Action item —
Would you set down every entry again, exactly as written?

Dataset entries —
lemma Ext_group:
  assumes t: "\<tau> \<in> Z2 P A \<alpha>"
  shows "group (Ext P A \<alpha> \<tau>)"
proof -
  have c[simp]: "\<And>g h. g \<in> carrier P \<Longrightarrow> h \<in> carrier P \<Longrightarrow> \<tau> g h \<in> carrier A"
    using C2_closed[OF Z2_C2[OF t]] .
  have t1: "\<And>g. g \<in> carrier P \<Longrightarrow> \<tau> \<one>\<^bsub>P\<^esub> g = \<one>\<^bsub>A\<^esub> \<and> \<tau> g \<one>\<^bsub>P\<^esub> = \<one>\<^bsub>A\<^esub>"
    using C2_one[OF Z2_C2[OF t]] .
  show ?thesis
  proof (rule groupI)
    fix x y z assume "x \<in> carrier (Ext P A \<alpha> \<tau>)" "y \<in> carrier (Ext P A \<alpha> \<tau>)"
      "z \<in> carrier (Ext P A \<alpha> \<tau>)"
    thus "x \<otimes>\<^bsub>Ext P A \<alpha> \<tau>\<^esub> y \<otimes>\<^bsub>Ext P A \<alpha> \<tau>\<^esub> z = x \<otimes>\<^bsub>Ext P A \<alpha> \<tau>\<^esub> (y \<otimes>\<^bsub>Ext P A \<alpha> \<tau>\<^esub> z)"
      by (rule Ext_assoc[OF t])
  next
    fix x y assume x: "x \<in> carrier (Ext P A \<alpha> \<tau>)" and y: "y \<in> carrier (Ext P A \<alpha> \<tau>)"
    thus "x \<otimes>\<^bsub>Ext P A \<alpha> \<tau>\<^esub> y \<in> carrier (Ext P A \<alpha> \<tau>)" by (auto simp: Ext_def)
  next
    show "\<one>\<^bsub>Ext P A \<alpha> \<tau>\<^esub> \<in> carrier (Ext P A \<alpha> \<tau>)" by (simp add: Ext_def)
  next
    fix x assume x: "x \<in> carrier (Ext P A \<alpha> \<tau>)"
    then obtain g a where xx: "x = (g, a)" "g \<in> carrier P" "a \<in> carrier A" by (auto simp: Ext_def)
    thus "\<one>\<^bsub>Ext P A \<alpha> \<tau>\<^esub> \<otimes>\<^bsub>Ext P A \<alpha> \<tau>\<^esub> x = x" using t1 by (simp add: Ext_def)
  next
    fix x assume x: "x \<in> carrier (Ext P A \<alpha> \<tau>)"
    then obtain g a where xx: "x = (g, a)" "g \<in> carrier P" "a \<in> carrier A" by (auto simp: Ext_def)
    let ?b = "\<alpha> (inv\<^bsub>P\<^esub> g) (inv\<^bsub>A\<^esub> (a \<otimes>\<^bsub>A\<^esub> \<tau> (inv\<^bsub>P\<^esub> g) g))"
    have "(inv\<^bsub>P\<^esub> g, ?b) \<in> carrier (Ext P A \<alpha> \<tau>)" using xx by (simp add: Ext_def)
    moreover have "(inv\<^bsub>P\<^esub> g, ?b) \<otimes>\<^bsub>Ext P A \<alpha> \<tau>\<^esub> x = \<one>\<^bsub>Ext P A \<alpha> \<tau>\<^esub>"
      using xx by (simp add: Ext_def act_act_inv A.m_assoc del: act_inv)
    ultimately show "\<exists>y\<in>carrier (Ext P A \<alpha> \<tau>). y \<otimes>\<^bsub>Ext P A \<alpha> \<tau>\<^esub> x = \<one>\<^bsub>Ext P A \<alpha> \<tau>\<^esub>" by blast
  qed
qed

lemma Ext_mult: "(g, a) \<otimes>\<^bsub>Ext P A \<alpha> \<tau>\<^esub> (h, b) = (g \<otimes>\<^bsub>P\<^esub> h, \<alpha> h a \<otimes>\<^bsub>A\<^esub> b \<otimes>\<^bsub>A\<^esub> \<tau> g h)"
  by (simp add: Ext_def)

lemma Ext_one: "\<one>\<^bsub>Ext P A \<alpha> \<tau>\<^esub> = (\<one>\<^bsub>P\<^esub>, \<one>\<^bsub>A\<^esub>)"
  by (simp add: Ext_def)

lemma Ext_complement_graph:
  assumes t: "\<tau> \<in> Z2 P A \<alpha>" and L: "subgroup L P"
    and C: "subgroup C (Ext P A \<alpha> \<tau>)" and CY: "C \<subseteq> preim (Ext P A \<alpha> \<tau>) L"
    and CN: "C \<inter> base P A = {\<one>\<^bsub>Ext P A \<alpha> \<tau>\<^esub>}"
    and CNY: "C <#>\<^bsub>Ext P A \<alpha> \<tau>\<^esub> base P A = preim (Ext P A \<alpha> \<tau>) L"
  obtains c where "\<And>g. g \<in> L \<Longrightarrow> (g, c g) \<in> C \<and> c g \<in> carrier A"
    and "\<And>g a. (g, a) \<in> C \<Longrightarrow> a = c g"
proof -
  let ?E = "Ext P A \<alpha> \<tau>"
  interpret E: group ?E by (rule Ext_group[OF t])
  interpret C: subgroup C ?E by (rule C)
  have sub: "L \<subseteq> carrier P" using L by (rule subgroup.subset)
  have Cc: "\<And>g a. (g, a) \<in> C \<Longrightarrow> g \<in> L \<and> a \<in> carrier A"
    using CY by (auto simp: preim_def Ext_def)
  have uniq: "a = b" if "(g, a) \<in> C" "(g, b) \<in> C" for g a b
  proof -
    let ?u = "inv\<^bsub>?E\<^esub> (g, b) \<otimes>\<^bsub>?E\<^esub> (g, a)"
    have cE: "(g, a) \<in> carrier ?E" "(g, b) \<in> carrier ?E" using that C.subset by auto
    have uC: "?u \<in> C" using that by simp
    obtain k m where um: "?u = (k, m)" by force
    have km: "k \<in> carrier P" "m \<in> carrier A" using uC C.subset um by (auto simp: Ext_def)
    have yu: "(g, b) \<otimes>\<^bsub>?E\<^esub> ?u = (g, a)" using cE by (simp add: E.m_assoc[symmetric])
    have "g \<otimes>\<^bsub>P\<^esub> k = g" using yu um by (simp add: Ext_mult)
    hence "k = \<one>\<^bsub>P\<^esub>" using Cc[OF that(1)] sub km by auto
    hence "?u = \<one>\<^bsub>?E\<^esub>" using uC CN um km by (auto simp: base_def)
    thus ?thesis using yu cE by simp
  qed
  have ex: "\<exists>a. (g, a) \<in> C" if g: "g \<in> L" for g
  proof -
    have "(g, \<one>\<^bsub>A\<^esub>) \<in> C <#>\<^bsub>?E\<^esub> base P A" using g sub CNY by (auto simp: preim_def Ext_def)
    then obtain y m where y: "y \<in> C" and e: "(g, \<one>\<^bsub>A\<^esub>) = y \<otimes>\<^bsub>?E\<^esub> (\<one>\<^bsub>P\<^esub>, m)"
      unfolding set_mult_def base_def by blast
    obtain k a where ka: "y = (k, a)" by force
    note c = y[unfolded ka] and e = e[unfolded ka]
    have "g = k" using e Cc[OF c] sub by (auto simp: Ext_mult)
    thus ?thesis using c by blast
  qed
  define c where "c g = (THE a. (g, a) \<in> C)" for g
  have "(g, c g) \<in> C" if "g \<in> L" for g
    unfolding c_def using ex[OF that] uniq by (metis theI)
  thus ?thesis using that Cc uniq by blast
qed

Task response —
lemma Ext_group:
  assumes t: "\<tau> \<in> Z2 P A \<alpha>"
  shows "group (Ext P A \<alpha> \<tau>)"
proof -
  have c[simp]: "\<And>g h. g \<in> carrier P \<Longrightarrow> h \<in> carrier P \<Longrightarrow> \<tau> g h \<in> carrier A"
    using C2_closed[OF Z2_C2[OF t]] .
  have t1: "\<And>g. g \<in> carrier P \<Longrightarrow> \<tau> \<one>\<^bsub>P\<^esub> g = \<one>\<^bsub>A\<^esub> \<and> \<tau> g \<one>\<^bsub>P\<^esub> = \<one>\<^bsub>A\<^esub>"
    using C2_one[OF Z2_C2[OF t]] .
  show ?thesis
  proof (rule groupI)
    fix x y z assume "x \<in> carrier (Ext P A \<alpha> \<tau>)" "y \<in> carrier (Ext P A \<alpha> \<tau>)"
      "z \<in> carrier (Ext P A \<alpha> \<tau>)"
    thus "x \<otimes>\<^bsub>Ext P A \<alpha> \<tau>\<^esub> y \<otimes>\<^bsub>Ext P A \<alpha> \<tau>\<^esub> z = x \<otimes>\<^bsub>Ext P A \<alpha> \<tau>\<^esub> (y \<otimes>\<^bsub>Ext P A \<alpha> \<tau>\<^esub> z)"
      by (rule Ext_assoc[OF t])
  next
    fix x y assume x: "x \<in> carrier (Ext P A \<alpha> \<tau>)" and y: "y \<in> carrier (Ext P A \<alpha> \<tau>)"
    thus "x \<otimes>\<^bsub>Ext P A \<alpha> \<tau>\<^esub> y \<in> carrier (Ext P A \<alpha> \<tau>)" by (auto simp: Ext_def)
  next
    show "\<one>\<^bsub>Ext P A \<alpha> \<tau>\<^esub> \<in> carrier (Ext P A \<alpha> \<tau>)" by (simp add: Ext_def)
  next
    fix x assume x: "x \<in> carrier (Ext P A \<alpha> \<tau>)"
    then obtain g a where xx: "x = (g, a)" "g \<in> carrier P" "a \<in> carrier A" by (auto simp: Ext_def)
    thus "\<one>\<^bsub>Ext P A \<alpha> \<tau>\<^esub> \<otimes>\<^bsub>Ext P A \<alpha> \<tau>\<^esub> x = x" using t1 by (simp add: Ext_def)
  next
    fix x assume x: "x \<in> carrier (Ext P A \<alpha> \<tau>)"
    then obtain g a where xx: "x = (g, a)" "g \<in> carrier P" "a \<in> carrier A" by (auto simp: Ext_def)
    let ?b = "\<alpha> (inv\<^bsub>P\<^esub> g) (inv\<^bsub>A\<^esub> (a \<otimes>\<^bsub>A\<^esub> \<tau> (inv\<^bsub>P\<^esub> g) g))"
    have "(inv\<^bsub>P\<^esub> g, ?b) \<in> carrier (Ext P A \<alpha> \<tau>)" using xx by (simp add: Ext_def)
    moreover have "(inv\<^bsub>P\<^esub> g, ?b) \<otimes>\<^bsub>Ext P A \<alpha> \<tau>\<^esub> x = \<one>\<^bsub>Ext P A \<alpha> \<tau>\<^esub>"
      using xx by (simp add: Ext_def act_act_inv A.m_assoc del: act_inv)
    ultimately show "\<exists>y\<in>carrier (Ext P A \<alpha> \<tau>). y \<otimes>\<^bsub>Ext P A \<alpha> \<tau>\<^esub> x = \<one>\<^bsub>Ext P A \<alpha> \<tau>\<^esub>" by blast
  qed
qed

lemma Ext_mult: "(g, a) \<otimes>\<^bsub>Ext P A \<alpha> \<tau>\<^esub> (h, b) = (g \<otimes>\<^bsub>P\<^esub> h, \<alpha> h a \<otimes>\<^bsub>A\<^esub> b \<otimes>\<^bsub>A\<^esub> \<tau> g h)"
  by (simp add: Ext_def)

lemma Ext_one: "\<one>\<^bsub>Ext P A \<alpha> \<tau>\<^esub> = (\<one>\<^bsub>P\<^esub>, \<one>\<^bsub>A\<^esub>)"
  by (simp add: Ext_def)

lemma Ext_complement_graph:
  assumes t: "\<tau> \<in> Z2 P A \<alpha>" and L: "subgroup L P"
    and C: "subgroup C (Ext P A \<alpha> \<tau>)" and CY: "C \<subseteq> preim (Ext P A \<alpha> \<tau>) L"
    and CN: "C \<inter> base P A = {\<one>\<^bsub>Ext P A \<alpha> \<tau>\<^esub>}"
    and CNY: "C <#>\<^bsub>Ext P A \<alpha> \<tau>\<^esub> base P A = preim (Ext P A \<alpha> \<tau>) L"
  obtains c where "\<And>g. g \<in> L \<Longrightarrow> (g, c g) \<in> C \<and> c g \<in> carrier A"
    and "\<And>g a. (g, a) \<in> C \<Longrightarrow> a = c g"
proof -
  let ?E = "Ext P A \<alpha> \<tau>"
  interpret E: group ?E by (rule Ext_group[OF t])
  interpret C: subgroup C ?E by (rule C)
  have sub: "L \<subseteq> carrier P" using L by (rule subgroup.subset)
  have Cc: "\<And>g a. (g, a) \<in> C \<Longrightarrow> g \<in> L \<and> a \<in> carrier A"
    using CY by (auto simp: preim_def Ext_def)
  have uniq: "a = b" if "(g, a) \<in> C" "(g, b) \<in> C" for g a b
  proof -
    let ?u = "inv\<^bsub>?E\<^esub> (g, b) \<otimes>\<^bsub>?E\<^esub> (g, a)"
    have cE: "(g, a) \<in> carrier ?E" "(g, b) \<in> carrier ?E" using that C.subset by auto
    have uC: "?u \<in> C" using that by simp
    obtain k m where um: "?u = (k, m)" by force
    have km: "k \<in> carrier P" "m \<in> carrier A" using uC C.subset um by (auto simp: Ext_def)
    have yu: "(g, b) \<otimes>\<^bsub>?E\<^esub> ?u = (g, a)" using cE by (simp add: E.m_assoc[symmetric])
    have "g \<otimes>\<^bsub>P\<^esub> k = g" using yu um by (simp add: Ext_mult)
    hence "k = \<one>\<^bsub>P\<^esub>" using Cc[OF that(1)] sub km by auto
    hence "?u = \<one>\<^bsub>?E\<^esub>" using uC CN um km by (auto simp: base_def)
    thus ?thesis using yu cE by simp
  qed
  have ex: "\<exists>a. (g, a) \<in> C" if g: "g \<in> L" for g
  proof -
    have "(g, \<one>\<^bsub>A\<^esub>) \<in> C <#>\<^bsub>?E\<^esub> base P A" using g sub CNY by (auto simp: preim_def Ext_def)
    then obtain y m where y: "y \<in> C" and e: "(g, \<one>\<^bsub>A\<^esub>) = y \<otimes>\<^bsub>?E\<^esub> (\<one>\<^bsub>P\<^esub>, m)"
      unfolding set_mult_def base_def by blast
    obtain k a where ka: "y = (k, a)" by force
    note c = y[unfolded ka] and e = e[unfolded ka]
    have "g = k" using e Cc[OF c] sub by (auto simp: Ext_mult)
    thus ?thesis using c by blast
  qed
  define c where "c g = (THE a. (g, a) \<in> C)" for g
  have "(g, c g) \<in> C" if "g \<in> L" for g
    unfolding c_def using ex[OF that] uniq by (metis theI)
  thus ?thesis using that Cc uniq by blast
qed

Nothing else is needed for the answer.